→ **Your task**
Write down, unchanged, the entries from the first line through the line holding "using cone_envelopes_approx[OF D". Include no other line.

→ **Extracted data**
* * * * *
lemma SUP_lipschitz_deviation_eq_cone_envelopes:
  fixes Z :: "'a \<Rightarrow> 'b::real_normed_vector"
  assumes intZ: "integrable M (\<lambda>\<omega>. norm (Z \<omega>))" and Z: "Z \<in> borel_measurable M"
    and "Ms n > 0"
    and D: "countable D" "D \<noteq> {}" "\<And>U. open U \<Longrightarrow> U \<noteq> {} \<Longrightarrow> \<exists>c\<in>D. c \<in> U"
  shows "(SUP f\<in>{f. 1-lipschitz_on UNIV f}. \<bar>expectation (\<lambda>\<omega>'. f (Z \<omega>')) - emp_mean Ms Zs n f \<omega>\<bar>)
    = (SUP f\<in>cone_envelopes D. \<bar>expectation (\<lambda>\<omega>'. f (Z \<omega>')) - emp_mean Ms Zs n f \<omega>\<bar>)"
proof (rule cSUP_eq_cSUP_of_tendsto)
  show "cone_envelopes D \<subseteq> {f. 1-lipschitz_on UNIV f}" using lipschitz_on_cone_envelopes by blast
  show "cone_envelopes D \<noteq> {}" using D(2) by (rule cone_envelopes_nonempty)
  show "bdd_above ((\<lambda>f. \<bar>expectation (\<lambda>\<omega>'. f (Z \<omega>')) - emp_mean Ms Zs n f \<omega>\<bar>) ` {f. 1-lipschitz_on UNIV f})"
    using \<open>Ms n > 0\<close> by (rule bdd_above_lipschitz_deviation[OF intZ Z])
  fix f :: "'b \<Rightarrow> real" assume "f \<in> {f. 1-lipschitz_on UNIV f}"
  then have f: "1-lipschitz_on UNIV f" by simp
  obtain g c where g: "\<And>j. g j \<in> cone_envelopes D" and lim: "\<And>z. (\<lambda>j. g j z) \<longlonglongrightarrow> f z"
    and close: "\<And>j z. \<bar>g j z - f z\<bar> \<le> 2 * dist z c + 1"
    using cone_envelopes_approx[OF D f] by blast
  have "\<bar>g j z\<bar> \<le> (\<bar>f 0\<bar> + 2 * norm c + 1) + 3 * norm z" for j z
  proof -
    have "dist z c \<le> norm z + norm c" by (simp add: dist_norm norm_triangle_ineq4)
    moreover have "\<bar>f z - f 0\<bar> \<le> norm z" using lipschitz_onD[OF f, of z 0] by (simp add: dist_real_def)
    ultimately show ?thesis using close[of j z] by linarith
  qed
  moreover have "g j \<in> borel_measurable borel" for j
    by (rule borel_measurable_lipschitz[OF lipschitz_on_cone_envelopes[OF g]])
  ultimately have "(\<lambda>j. expectation (\<lambda>\<omega>. g j (Z \<omega>))) \<longlonglongrightarrow> expectation (\<lambda>\<omega>. f (Z \<omega>))"
    using lim by (intro tendsto_expectation_linear_growth[OF intZ Z])
  then have dev: "(\<lambda>j. \<bar>expectation (\<lambda>\<omega>'. g j (Z \<omega>')) - emp_mean Ms Zs n (g j) \<omega>\<bar>)
      \<longlonglongrightarrow> \<bar>expectation (\<lambda>\<omega>'. f (Z \<omega>')) - emp_mean Ms Zs n f \<omega>\<bar>"
    using lim by (intro tendsto_rabs tendsto_diff tendsto_emp_mean)
  show "\<exists>g. (\<forall>j. g j \<in> cone_envelopes D) \<and> (\<lambda>j. \<bar>expectation (\<lambda>\<omega>'. g j (Z \<omega>')) -
      emp_mean Ms Zs n (g j) \<omega>\<bar>) \<longlonglongrightarrow> \<bar>expectation (\<lambda>\<omega>'. f (Z \<omega>')) - emp_mean Ms Zs n f \<omega>\<bar>"
    by (intro exI[of _ g] conjI allI g dev)
qed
* * * * *
→ **Answer to this task**
lemma SUP_lipschitz_deviation_eq_cone_envelopes:
  fixes Z :: "'a \<Rightarrow> 'b::real_normed_vector"
  assumes intZ: "integrable M (\<lambda>\<omega>. norm (Z \<omega>))" and Z: "Z \<in> borel_measurable M"
    and "Ms n > 0"
    and D: "countable D" "D \<noteq> {}" "\<And>U. open U \<Longrightarrow> U \<noteq> {} \<Longrightarrow> \<exists>c\<in>D. c \<in> U"
  shows "(SUP f\<in>{f. 1-lipschitz_on UNIV f}. \<bar>expectation (\<lambda>\<omega>'. f (Z \<omega>')) - emp_mean Ms Zs n f \<omega>\<bar>)
    = (SUP f\<in>cone_envelopes D. \<bar>expectation (\<lambda>\<omega>'. f (Z \<omega>')) - emp_mean Ms Zs n f \<omega>\<bar>)"
proof (rule cSUP_eq_cSUP_of_tendsto)
  show "cone_envelopes D \<subseteq> {f. 1-lipschitz_on UNIV f}" using lipschitz_on_cone_envelopes by blast
  show "cone_envelopes D \<noteq> {}" using D(2) by (rule cone_envelopes_nonempty)
  show "bdd_above ((\<lambda>f. \<bar>expectation (\<lambda>\<omega>'. f (Z \<omega>')) - emp_mean Ms Zs n f \<omega>\<bar>) ` {f. 1-lipschitz_on UNIV f})"
    using \<open>Ms n > 0\<close> by (rule bdd_above_lipschitz_deviation[OF intZ Z])
  fix f :: "'b \<Rightarrow> real" assume "f \<in> {f. 1-lipschitz_on UNIV f}"
  then have f: "1-lipschitz_on UNIV f" by simp
  obtain g c where g: "\<And>j. g j \<in> cone_envelopes D" and lim: "\<And>z. (\<lambda>j. g j z) \<longlonglongrightarrow> f z"
    and close: "\<And>j z. \<bar>g j z - f z\<bar> \<le> 2 * dist z c + 1"
    using cone_envelopes_approx[OF D f] by blast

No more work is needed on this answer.